Items from a data source:
lemma card_rsubsets_supset:
  assumes "T \<subseteq> {1..n}" "card T \<le> r"
  shows "card {v \<in> rsubsets n r. T \<subseteq> v} = (n - card T) choose (r - card T)"
proof -
  have fin: "finite T" "finite ({1..n} - T)"
    using assms(1) finite_subset by auto
  have "{v \<in> rsubsets n r. T \<subseteq> v} = (\<lambda>S. S \<union> T) ` {S. S \<subseteq> {1..n} - T \<and> card S = r - card T}"
  proof (intro equalityI subsetI)
    fix v assume "v \<in> {v \<in> rsubsets n r. T \<subseteq> v}"
    then have "v = (v - T) \<union> T" "v - T \<in> {S. S \<subseteq> {1..n} - T \<and> card S = r - card T}"
      using fin by (auto simp: rsubsets_def card_Diff_subset)
    then show "v \<in> (\<lambda>S. S \<union> T) ` {S. S \<subseteq> {1..n} - T \<and> card S = r - card T}"
      by blast
  next
    fix v assume "v \<in> (\<lambda>S. S \<union> T) ` {S. S \<subseteq> {1..n} - T \<and> card S = r - card T}"
    then obtain S where "S \<subseteq> {1..n} - T" "card S = r - card T" "v = S \<union> T"
      by blast
    moreover have "card (S \<union> T) = card S + card T"
      using \<open>S \<subseteq> {1..n} - T\<close> fin by (intro card_Un_disjoint) (auto intro: finite_subset)
    ultimately show "v \<in> {v \<in> rsubsets n r. T \<subseteq> v}"
      using assms by (auto simp: rsubsets_def)
  qed
  moreover have "inj_on (\<lambda>S. S \<union> T) {S. S \<subseteq> {1..n} - T \<and> card S = r - card T}"
    by (rule inj_onI) blast
  ultimately have "card {v \<in> rsubsets n r. T \<subseteq> v} = card {S. S \<subseteq> {1..n} - T \<and> card S = r - card T}"
    by (simp add: card_image)
  also have "\<dots> = (n - card T) choose (r - card T)"
    using assms fin by (simp add: n_subsets card_Diff_subset)
  finally show ?thesis .
qed

lemma card_rsubsets_supset_le:
  assumes "T \<subseteq> {1..n}" "2 \<le> card T"
  shows "real (card {v \<in> rsubsets n r. T \<subseteq> v})
           \<le> (real r / real n) ^ (card T - 2) * real ((n - 2) choose (r - 2))"
proof (cases "card T \<le> r \<and> r \<le> n")
  case True
  have le: "card T - 2 \<le> r - 2" "r - 2 \<le> n - 2"
    and eq: "n - 2 - (card T - 2) = n - card T" "r - 2 - (card T - 2) = r - card T"
    using True assms(2) by auto
  have ratio: "real (r - 2) / real (n - 2) \<le> real r / real n"
  proof (cases "r < 2 \<or> n \<le> 2")
    case False
    then show ?thesis
      using True by (simp add: divide_simps of_nat_diff algebra_simps)
  qed auto
  have "real (card {v \<in> rsubsets n r. T \<subseteq> v}) = real ((n - card T) choose (r - card T))"
    using True assms(1) by (simp add: card_rsubsets_supset)
  also have "\<dots> \<le> (real (r - 2) / real (n - 2)) ^ (card T - 2) * real ((n - 2) choose (r - 2))"
    using binomial_diff_le_ratio_power[OF le] unfolding eq .
  also have "\<dots> \<le> (real r / real n) ^ (card T - 2) * real ((n - 2) choose (r - 2))"
    using ratio by (intro mult_right_mono power_mono) auto
  finally show ?thesis .
next
  case False
  have "{v \<in> rsubsets n r. T \<subseteq> v} = {}"
  proof (rule ccontr)
    assume "{v \<in> rsubsets n r. T \<subseteq> v} \<noteq> {}"
    then obtain v where v: "v \<subseteq> {1..n}" "card v = r" "T \<subseteq> v"
      by (auto simp: rsubsets_def)
    then have "card T \<le> r" "r \<le> n"
      using card_mono[OF finite_subset[OF v(1)] v(3)] card_mono[of "{1..n}" v] by auto
    with False show False by simp
  qed
  then show ?thesis
    by (simp only: card.empty of_nat_0) simp
qed
lemma eventually_small_scale: "\<forall>\<^sub>F w in at_right 0. small_scale w"
proof -
  have "((\<lambda>w. (3 * p11 + 27 * \<bar>k\<bar>) * w) \<longlongrightarrow> 0) (at_right 0)"
    by (intro tendsto_eq_intros) auto
  then have "\<forall>\<^sub>F w in at_right 0. (3 * p11 + 27 * \<bar>k\<bar>) * w < \<alpha> / 4"
    using \<alpha>_pos by (intro order_tendstoD(2)) auto
  moreover have "((\<lambda>w. p22 * (D * w^2)^2) \<longlongrightarrow> 0) (at_right 0)"
    by (intro tendsto_eq_intros) auto
  then have "\<forall>\<^sub>F w in at_right 0. p22 * (D * w^2)^2 < \<mu>2 / 2"
    using \<mu>2_pos by (intro order_tendstoD(2)) auto
  ultimately show ?thesis
    using G_rate_neg_on_level_set eventually_at_right_less
    by eventually_elim (simp add: small_scale_def less_imp_le)
qed

lemma small_scale_region:
  assumes "small_scale w" "s > 0" "G w v s \<le> 0" "A^2 \<le> (D * w^2)^2" "(v + M1 * s)^2 \<le> 9 * w^2"
  shows "M2 * s \<le> 9/4 * \<alpha> * w^2"
    and "(v + M1 * s)^2 < 9 * w^2"
    and "G w v s = 0 \<Longrightarrow> G_rate w v A s < 0"
    and "A^2 = (D * w^2)^2 \<Longrightarrow> 2 * A * ((- \<mu>2 - p21 * v^2 + p22 * A^2) * A + M3 * s) < 0"
proof -
  have "w > 0" and small: "(3 * p11 + 27 * \<bar>k\<bar>) * w \<le> \<alpha> / 4" "p22 * (D * w^2)^2 \<le> \<mu>2 / 2"
    using \<open>small_scale w\<close> by (simp_all add: small_scale_def)
  have "\<bar>v + M1 * s\<bar> \<le> \<bar>3 * w\<bar>"
    using assms(5) by (simp add: abs_le_square_iff power_mult_distrib)
  then have u: "(v + M1 * s)^2 < 9/4 * w^2" and s: "M2 * s \<le> 9/4 * \<alpha> * w^2"
    using G_nonpos_bounds[OF \<open>w > 0\<close> small(1) _ \<open>s > 0\<close> \<open>G w v s \<le> 0\<close>] \<open>w > 0\<close> by simp_all
  then show "M2 * s \<le> 9/4 * \<alpha> * w^2" "(v + M1 * s)^2 < 9 * w^2"
    using zero_le_power2[of w] by linarith+
  have "\<bar>A\<bar> \<le> D * w^2"
    using assms(4) D_pos by (simp add: abs_le_square_iff[symmetric])
  moreover have "(v + M1 * s)^2 \<le> 4 * w^2"
    using u zero_le_power2[of w] by linarith
  then have "\<bar>v + M1 * s\<bar> \<le> \<bar>2 * w\<bar>"
    by (simp add: abs_le_square_iff power_mult_distrib)
  then have "\<bar>v + M1 * s\<bar> \<le> 2 * w"
    using \<open>w > 0\<close> by simp
  ultimately show "G w v s = 0 \<Longrightarrow> G_rate w v A s < 0"
    using \<open>small_scale w\<close> by (simp add: small_scale_def)
  assume "A^2 = (D * w^2)^2"
  then have "\<bar>A\<bar> = D * w^2"
    using D_pos by (auto simp: power2_eq_iff)
  then show "2 * A * ((- \<mu>2 - p21 * v^2 + p22 * A^2) * A + M3 * s) < 0"
    using \<open>w > 0\<close> by (intro A_rate_neg_on_boundary[OF _ _ \<open>s > 0\<close> s small(2)]) auto
qed

lemma solution_starts_inside:
  assumes "small_scale w" "the_solution \<alpha> M1 M2 M3 p11 p12 p21 p22 (- (p11 * w^2)) \<mu>2 T v A s"
  shows "\<forall>\<^sub>F t in at_bot. G w (v t) (s t) < 0 \<and> (A t)^2 - (D * w^2)^2 < 0 \<and> (v t + M1 * s t)^2 - 9 * w^2 < 0"
proof -
  have "w > 0" and small: "(3 * p11 + 27 * \<bar>k\<bar>) * w \<le> \<alpha> / 4"
    using \<open>small_scale w\<close> by (simp_all add: small_scale_def)
  have lim_v: "(v \<longlongrightarrow> w) at_bot" and lim_A: "(A \<longlongrightarrow> 0) at_bot" and lim_s: "(s \<longlongrightarrow> 0) at_bot"
    using assms(2) \<open>w > 0\<close> p11_pos unfolding the_solution_def v_ep2_def by auto
  have "((\<lambda>t. G w (v t) (s t)) \<longlongrightarrow> G w w 0) at_bot"
    unfolding G_def by (intro tendsto_intros lim_v lim_s)
  then have "\<forall>\<^sub>F t in at_bot. G w (v t) (s t) < 0"
    using G_at_rest_neg[OF \<open>w > 0\<close> small] by (rule order_tendstoD(2))
  moreover have "((\<lambda>t. (A t)^2 - (D * w^2)^2) \<longlongrightarrow> 0^2 - (D * w^2)^2) at_bot"
    by (intro tendsto_intros lim_A)
  then have "\<forall>\<^sub>F t in at_bot. (A t)^2 - (D * w^2)^2 < 0"
    by (rule order_tendstoD(2)) (use \<open>w > 0\<close> D_pos in simp)
  moreover have "((\<lambda>t. (v t + M1 * s t)^2 - 9 * w^2) \<longlongrightarrow> (w + M1 * 0)^2 - 9 * w^2) at_bot"
    by (intro tendsto_intros lim_v lim_s)
  then have "\<forall>\<^sub>F t in at_bot. (v t + M1 * s t)^2 - 9 * w^2 < 0"
    by (rule order_tendstoD(2)) (use \<open>w > 0\<close> in simp)
  ultimately show ?thesis
    by eventually_elim simp
qed
(* Let $k\geq2$ and let $L=(l_1,\dots,l_k)$ be positive integers with sum $n$ which are generic and reduced. Then the fundamental group $\pi_1(Tonn^{n,k}(L))$ is abelian.
   Context: $L$ is generic if for all $I,J\subseteq[k]$, $\sum_{i\in I}l_i=\sum_{j\in J}l_j$ implies $I=J$; reduced if $\gcd(l_1,\dots,l_k)=1$. The generalized tonnetz $Tonn^{n,k}(L)$ is the simplicial complex on vertex set $\mathbb{Z}_n$ whose maximal simplices are $\Delta(x;\sigma)=\{x,\,x+l_{\sigma(1)},\dots,x+l_{\sigma(1)}+\dots+l_{\sigma(k-1)}\}$ for $x\in\mathbb{Z}_n$, $\sigma\in S_k$. *)

theory Defs
  imports "HOL-Analysis.Analysis"
begin

text \<open>A tuple L = (l_1,...,l_k) is a list of naturals; index i in {0..<k} stands for l_(i+1).
  The vertex set Z_n is represented by {0..<n}, with addition mod n, n = sum_list L.\<close>

definition generic :: "nat list \<Rightarrow> bool" where
  "generic L \<longleftrightarrow> (\<forall>I J. I \<subseteq> {..<length L} \<and> J \<subseteq> {..<length L} \<and>
      (\<Sum>i\<in>I. L ! i) = (\<Sum>j\<in>J. L ! j) \<longrightarrow> I = J)"

definition reduced :: "nat list \<Rightarrow> bool" where
  "reduced L \<longleftrightarrow> Gcd (set L) = 1"

definition tonn_facets :: "nat list \<Rightarrow> nat set set" where
  "tonn_facets L = {{(x + (\<Sum>j<m. L ! (\<sigma> j))) mod sum_list L | m. m < length L} | x \<sigma>.
      x < sum_list L \<and> \<sigma> permutes {..<length L}}"
lemma sync_map_nth:
  assumes "is \<in> index_tuples N (sum_list ks)" "\<forall>kj\<in>set ks. kj > 0" "p < sum_list ks"
  shows "sync_map ks is x (is ! p) = x (is ! block_leader ks p)"
proof -
  have len: "length is = sum_list ks" and dist: "distinct is"
    using assms(1) by (auto simp: index_tuples_def)
  let ?j = "block_index ks p"
  have j: "?j < length ks" "block_start ks ?j \<le> p" "p < block_start ks ?j + ks ! ?j"
    using block_index_bounds[OF assms(3)] by auto
  have mem: "is ! p \<in> set (block ks is ?j)"
    unfolding set_block_conv_nth[OF len j(1)] using j(2,3) by blast
  have uniq: "j' = ?j" if j': "j' < length ks" "is ! p \<in> set (block ks is j')" for j'
  proof -
    from j'(2) obtain q where q: "block_start ks j' \<le> q" "q < block_start ks j' + ks ! j'" "is ! p = is ! q"
      unfolding set_block_conv_nth[OF len j'(1)] by blast
    have "q < length is" using q(2) block_end_le_sum_list[OF j'(1)] len by linarith
    then have "q = p" using q(3) dist assms(3) len by (simp add: nth_eq_iff_index_eq)
    then show ?thesis using q j'(1) by (intro block_index_eq[symmetric]) auto
  qed
  have "(THE j. j < length ks \<and> is ! p \<in> set (block ks is j)) = ?j"
  proof (rule the_equality)
    show "?j < length ks \<and> is ! p \<in> set (block ks is ?j)" using j(1) mem by simp
  qed (use uniq in blast)
  moreover have "\<exists>j<length ks. is ! p \<in> set (block ks is j)" using j(1) mem by blast
  moreover have "hd (block ks is ?j) = is ! block_leader ks p"
    using hd_block[OF len j(1)] assms(2) j(1) by (simp add: block_leader_def)
  ultimately show ?thesis unfolding sync_map_def by simp
qed

lemma sync_map_notin: "m \<notin> set is \<Longrightarrow> sync_map ks is x m = x m"
proof -
  assume "m \<notin> set is"
  then have "m \<notin> set (block ks is j)" for j
    unfolding block_def using in_set_dropD in_set_takeD by fast
  then show ?thesis unfolding sync_map_def by auto
qed

lemma sum_sync_map:
  fixes F :: "real \<Rightarrow> real"
  assumes "is \<in> index_tuples N (sum_list ks)" "\<forall>kj\<in>set ks. kj > 0"
  shows "(\<Sum>m\<in>{1..N}. F (sync_map ks is x m)) = (\<Sum>m\<in>{1..N}. F (x m))
    + (\<Sum>p<sum_list ks. F (x (is ! block_leader ks p)) - F (x (is ! p)))"
proof -
  have len: "length is = sum_list ks" and dist: "distinct is" and sub: "set is \<subseteq> {1..N}"
    using assms(1) by (auto simp: index_tuples_def)
  have "(\<Sum>m\<in>{1..N}. F (sync_map ks is x m) - F (x m))
      = (\<Sum>m\<in>set is. F (sync_map ks is x m) - F (x m))"
    by (rule sum.mono_neutral_right) (use sub sync_map_notin in auto)
  also have "\<dots> = (\<Sum>p<sum_list ks. F (sync_map ks is x (is ! p)) - F (x (is ! p)))"
    using sum.distinct_set_conv_list[OF dist] len by (simp add: sum_list_sum_nth atLeast0LessThan)
  also have "\<dots> = (\<Sum>p<sum_list ks. F (x (is ! block_leader ks p)) - F (x (is ! p)))"
    using sync_map_nth[OF assms] by simp
  finally show ?thesis by (simp add: sum_subtractf)
qed

section \<open>Sums over injective tuples\<close>

lemma finite_index_tuples: "finite (index_tuples N k)"
proof -
  have "index_tuples N k \<subseteq> {xs. set xs \<subseteq> {1..N} \<and> length xs = k}"
    by (auto simp: index_tuples_def)
  then show ?thesis using finite_lists_length_eq[of "{1..N}" k] finite_subset by blast
qed

lemma card_index_tuples:
  assumes "k \<le> N"
  shows "card (index_tuples N k) = (\<Prod>i<k. N - i)"
proof -
  have "card (index_tuples N k) = \<Prod>{N - k + 1..N}"
    using card_lists_distinct_length_eq[of "{1..N}" k] assms
    by (simp add: index_tuples_def conj_commute)
  also have "\<dots> = (\<Prod>i<k. N - i)"
    using assms
  proof (induction k)
    case (Suc k)
    then have "{N - Suc k + 1..N} = insert (N - k) {N - k + 1..N}" by auto
    with Suc show ?case by (simp add: mult.commute)
  qed simp
  finally show ?thesis .
qed

lemma ex_inj_self_map_pair:
  assumes "a \<in> S" "b \<in> S" "a' \<in> S" "b' \<in> S" "a \<noteq> b" "a' \<noteq> b'"
  shows "\<exists>\<tau>. inj \<tau> \<and> \<tau> ` S \<subseteq> S \<and> \<tau> a = a' \<and> \<tau> b = b'"
proof -
  define t where "t = Transposition.transpose a a'"
  define \<tau> where "\<tau> = Transposition.transpose (t b) b' \<circ> t"
  have "t b \<noteq> a'" "t b \<in> S" using assms unfolding t_def by (auto simp: Transposition.transpose_def)
  then have "\<tau> ` S \<subseteq> S" "\<tau> a = a'" using assms unfolding \<tau>_def t_def by (auto simp: Transposition.transpose_def)
  moreover have "inj \<tau>" "\<tau> b = b'" unfolding \<tau>_def t_def by (simp_all add: inj_compose)
  ultimately show ?thesis by blast
qed
(* Let $G$ be a convergence group and $\tau(G)$ its locally quasi-convex modification. Then $\Gamma G$ and $\Gamma\tau(G)$ have the same equicontinuous subsets. That is, a set $H$ of characters is an equicontinuous subset of $\Gamma G$ if and only if it is an equicontinuous subset of $\Gamma\tau(G)$.
   Context: All groups are abelian. A convergence group is an abelian group with a convergence structure (an assignment to each point $x$ of a collection of filters converging to $x$). This assignment must satisfy three conditions: point ultrafilters converge to their point; finite intersections of filters converging to $x$ converge to $x$; and finer filters converge. The group operation must be compatible: $\mathcal F\to x$, $\mathcal G\to y$ imply $\mathcal F-\mathcal G\to x-y$. Topological groups are convergence groups. $\mathbb T=\mathbb R/\mathbb Z$, $\mathbb T_+=\rho([-1/4,1/4])$ where $\rho:\mathbb R\to\mathbb T$ is the quotient map. $\Gamma G$ is the group of continuous homomorphisms $G\to\mathbb T$. A set $M\subseteq\Gamma G$ is equicontinuous if for every filter $\mathcal F\to0$ in $G$, the filter generated by $\{\varphi(x):\varphi\in M,x\in F\}$, $F\in\mathcal F$, converges to $0$ in $\mathbb T$. A subset $A$ of a topological group $G$ is quasi-convex if for every $x\notin A$ there is a continuous character $\varphi$ with $\varphi(A)\subseteq\mathbb T_+$ and $\varphi(x)\notin\mathbb T_+$. A topological group is locally quasi-convex if it has a zero neighbourhood base of quasi-convex sets. The locally quasi-convex modification $\tau(G)$ of a convergence group $G$ is the finest locally quasi-convex group topology on $G$ coarser than the convergence structure of $G$, i.e. such that the identity $G\to\tau(G)$ is continuous. *)

theory Defs
  imports "HOL-Analysis.Analysis"
begin

text \<open>We model T = R/Z as the unit circle of the complex plane; the quotient
  map rho : R -> T is t |-> exp(2 pi i t) (surjective onto the circle, kernel Z),
  the group operation of T is complex multiplication (the neutral element 0 of
  R/Z corresponds to 1), and the topology is the subspace topology of C.\<close>

definition circleT :: "complex set" where
  "circleT = {z. norm z = 1}"

definition rho :: "real \<Rightarrow> complex" where
  "rho t = cis (2 * pi * t)"

definition Tplus :: "complex set" where
  "Tplus = rho ` {-1/4..1/4}"

text \<open>In Isabelle's filter order
  F \<le> G means F is finer than G, and sup F G is the filter of sets belonging to
  both F and G (the intersection of the two filters).\<close>

definition conv_group :: "('a::ab_group_add filter \<Rightarrow> 'a \<Rightarrow> bool) \<Rightarrow> bool" where
  "conv_group conv \<longleftrightarrow>
     (\<forall>x. conv (principal {x}) x) \<and>
     (\<forall>F G x. conv F x \<and> conv G x \<longrightarrow> conv (sup F G) x) \<and>
     (\<forall>F G x. conv F x \<and> G \<le> F \<longrightarrow> conv G x) \<and>
     (\<forall>F G x y. conv F x \<and> conv G y \<longrightarrow>
        conv (filtermap (\<lambda>(a, b). a - b) (F \<times>\<^sub>F G)) (x - y))"

definition top_conv :: "'a topology \<Rightarrow> 'a filter \<Rightarrow> 'a \<Rightarrow> bool" where
  "top_conv T F x \<longleftrightarrow> limitin T (\<lambda>y. y) x F"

Exercise goal =>
Your task is to find every line above containing the word "rule" and copy it.

Written answer =>
    by (rule inj_onI) blast
  proof (rule ccontr)
    using G_at_rest_neg[OF \<open>w > 0\<close> small] by (rule order_tendstoD(2))
    by (rule order_tendstoD(2)) (use \<open>w > 0\<close> D_pos in simp)
    by (rule order_tendstoD(2)) (use \<open>w > 0\<close> in simp)
  proof (rule the_equality)
    by (rule sum.mono_neutral_right) (use sub sync_map_notin in auto)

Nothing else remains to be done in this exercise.